- PAL region cover art for PlayStation 2
- Developers: Vicious Cycle Software Art Co., Ltd (NDS) Altron (GBA)
- Publisher: D3 Publisher
- Producer: Mike Pearson
- Designer: Jeff Friedlander
- Programmer: Timothy Randall
- Artist: Ben Lichius
- Composers: Rod Abernethy; Jason Graves;
- Engine: Vicious Engine
- Platforms: PlayStation 2, GameCube, Game Boy Advance, Nintendo DS
- Release: NA: October 24, 2006; EU: December 1, 2006; JP: June 28, 2007 (DS);
- Genre: Action-adventure
- Modes: Single-player, multiplayer

= Flushed Away (video game) =

2006 video game

Flushed Away is an action-adventure video game based on the animated film of the same name for the GameCube, PlayStation 2, Game Boy Advance, and Nintendo DS. It was developed by Vicious Cycle Software and published by D3 Publisher.
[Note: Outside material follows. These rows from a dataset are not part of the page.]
lemma proper_divisor_period_if_not_least:
  assumes "period w q" "0 < q" "\<not> least_period w q" "2 * q \<le> length w + 1"
  obtains g where "period w g" "0 < g" "g dvd q" "2 * g \<le> q"
proof -
  obtain r where r: "period w r" "0 < r" "r < q"
    using assms(1-3) unfolding least_period_def by blast
  define g where "g = gcd r q"
  have "period w g" "0 < g" "g dvd q" "g < q"
    using period_gcd[OF r(1) assms(1)] r assms(4) unfolding g_def
    by (auto simp: order.strict_trans1[OF gcd_le1_nat])
  then show ?thesis
    using that proper_dvd_imp_double_le[of g q] assms(2) by simp
qed

lemma period_if_palindromic_prefix:
  assumes "rev w = w" "rev u = u" "take (length u) w = u"
  shows "period w (length w - length u)"
proof -
  obtain s where w: "w = u @ s"
    using assms(3) by (metis append_take_drop_id)
  then have w': "w = rev s @ u"
    using assms(1,2) by (metis rev_append)
  show ?thesis
    unfolding period_def
  proof (intro allI impI)
    fix k assume "k + (length w - length u) < length w"
    then have "k < length u"
      using w by simp
    then have "w ! k = u ! k"
      using w by (simp add: nth_append)
    moreover have "w ! (length s + k) = u ! k"
      by (subst w') (simp add: nth_append)
    ultimately show "w ! k = w ! (k + (length w - length u))"
      using w by (simp add: add.commute)
  qed
qed

lemma palindromic_prefix_if_period:
  assumes "rev w = w" "period w e"
  shows "rev (take (length w - e) w) = take (length w - e) w"
proof (rule nth_equalityI)
  fix k assume "k < length (rev (take (length w - e) w))"
  then have k: "k < length w - e" by simp
  have "rev (take (length w - e) w) ! k = w ! (length w - e - Suc k)"
    using k by (simp add: rev_nth)
  also have "\<dots> = rev w ! (length w - e - Suc k)"
    by (simp only: assms(1))
  also have "\<dots> = w ! (k + e)"
    using k by (simp add: rev_nth Suc_diff_Suc add.commute)
  also have "\<dots> = w ! k"
    using assms(2) k unfolding period_def by simp
  finally show "rev (take (length w - e) w) ! k = take (length w - e) w ! k"
    using k by simp
qed simp

section \<open>The palindromes \<pi>_n\<close>

locale admissible_directive =
  fixes psi :: "nat \<Rightarrow> 'a + nat"
  assumes admissible: "admissible psi"
begin

abbreviation \<pi> :: "nat \<Rightarrow> 'a list" where
  "\<pi> \<equiv> pal psi"

abbreviation L :: "nat \<Rightarrow> nat" where
  "L n \<equiv> length (\<pi> n)"

definition d :: "nat \<Rightarrow> nat" where
  "d n = L (Suc n) - L n"

lemma pal_le_1: "n \<le> 1 \<Longrightarrow> \<pi> n = []"
  by (subst pal.simps) simp

lemma pal_Suc_Inl: "1 \<le> n \<Longrightarrow> psi n = Inl a \<Longrightarrow> \<pi> (Suc n) = \<pi> n @ a # \<pi> n"
  by (subst pal.simps) simp

lemma pal_Suc_Inr:
  "1 \<le> n \<Longrightarrow> psi n = Inr m \<Longrightarrow> m \<le> n \<Longrightarrow>
    \<pi> (Suc n) = \<pi> n @ drop (L m) (\<pi> n)"
  by (subst pal.simps) simp

lemma psi_Inr: "1 \<le> n \<Longrightarrow> psi n = Inr m \<Longrightarrow> 1 \<le> m \<and> m < n"
  using admissible unfolding admissible_def by fastforce

lemma psi_1: "\<exists>a. psi 1 = Inl a"
  using admissible unfolding admissible_def by (cases "psi 1") auto

lemma pal_Suc_append: "\<exists>s. \<pi> (Suc n) = \<pi> n @ s"
proof (cases "1 \<le> n")
  case True
  then show ?thesis
    using pal_Suc_Inl[OF True] pal_Suc_Inr[OF True] psi_Inr[OF True]
    by (cases "psi n") fastforce+
qed (simp add: pal_le_1)

lemma pal_append: "m \<le> n \<Longrightarrow> \<exists>s. \<pi> n = \<pi> m @ s"
proof (induction n rule: dec_induct)
  case (step n)
  then show ?case
    using pal_Suc_append[of n] by (metis append.assoc)
qed simp

lemma take_pal: "m \<le> n \<Longrightarrow> take (L m) (\<pi> n) = \<pi> m"
  using pal_append by (metis append_eq_conv_conj)

lemma nth_pal: "m \<le> n \<Longrightarrow> k < L m \<Longrightarrow> \<pi> n ! k = \<pi> m ! k"
  using take_pal by (metis nth_take)

lemma period_pal_mono: "m \<le> n \<Longrightarrow> period (\<pi> n) e \<Longrightarrow> period (\<pi> m) e"
  using period_take[of "\<pi> n" e "L m"] take_pal[of m n] by simp

lemma L_mono: "m \<le> n \<Longrightarrow> L m \<le> L n"
  using pal_append by fastforce

lemma L_strict_mono: "1 \<le> m \<Longrightarrow> m < n \<Longrightarrow> L m < L n"
proof (induction n arbitrary: m)
  case (Suc n)
  have "L n < L (Suc n)"
  proof (cases "psi n")
    case (Inl a)
    then show ?thesis
      using Suc.prems pal_Suc_Inl by simp
  next
    case (Inr k)
    have "1 \<le> n"
      using Suc.prems by simp
    then have "1 \<le> k" "k < n"
      using psi_Inr Inr by auto
    then show ?thesis
      using Suc.IH Suc.prems pal_Suc_Inr[of n k] Inr by simp
  qed
  then show ?case
    using Suc by (metis less_Suc_eq order.strict_trans)
qed simp

lemma L_Suc_ge: "n \<le> L (Suc n)"
proof (induction n)
  case (Suc n)
  have "L (Suc n) < L (Suc (Suc n))"
    by (rule L_strict_mono) simp_all
  then show ?case
    using Suc.IH by linarith
qed simp

lemma L_less_iff: "1 \<le> m \<Longrightarrow> 1 \<le> n \<Longrightarrow> L m < L n \<longleftrightarrow> m < n"
  by (metis L_strict_mono linorder_neqE_nat order.asym)

lemma L_inj: "1 \<le> m \<Longrightarrow> 1 \<le> n \<Longrightarrow> L m = L n \<Longrightarrow> m = n"
  by (metis L_less_iff linorder_neqE_nat order.irrefl)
It was released in Japan for the Nintendo DS as Volume 17 of the Simple series.

== Gameplay ==
Flushed Away is based around platform gameplay, with the player controlling the two main characters from the film and guiding them through hazard-filled environments. Environments and enemies are based on those in the film, although several areas and creatures not seen in the film are also included. Interspersed throughout the game are mini-game sequences involving shooting enemies with a turret that fires golf balls, and taking control of a boat in a pursuit sequence. Some multiplayer minigames are also included, based around puzzle and shoot-'em-up mechanics.

== Plot ==
The plot of the game differs heavily from the film. Roderick "Roddy" St. James lives in an apartment, in Kensington, with his owners, until they go away for a holiday. Gilbert and Sullivan, who were only seen in the video game, all help Roddy out with his obstacle course and fencing skills. As they explore more, they hear an explosion coming from the kitchen. In the Kitchen, they find that Sid has raided it and is planning to stay. Roddy schemes to get rid of him, but quickly backfires as Sid flushes him down the toilet, thinking of it as a trap. As soon as Roddy ends up in another world, Ratropolis, he bumps into Socketset, who gives him his first task: collect a jar of flies.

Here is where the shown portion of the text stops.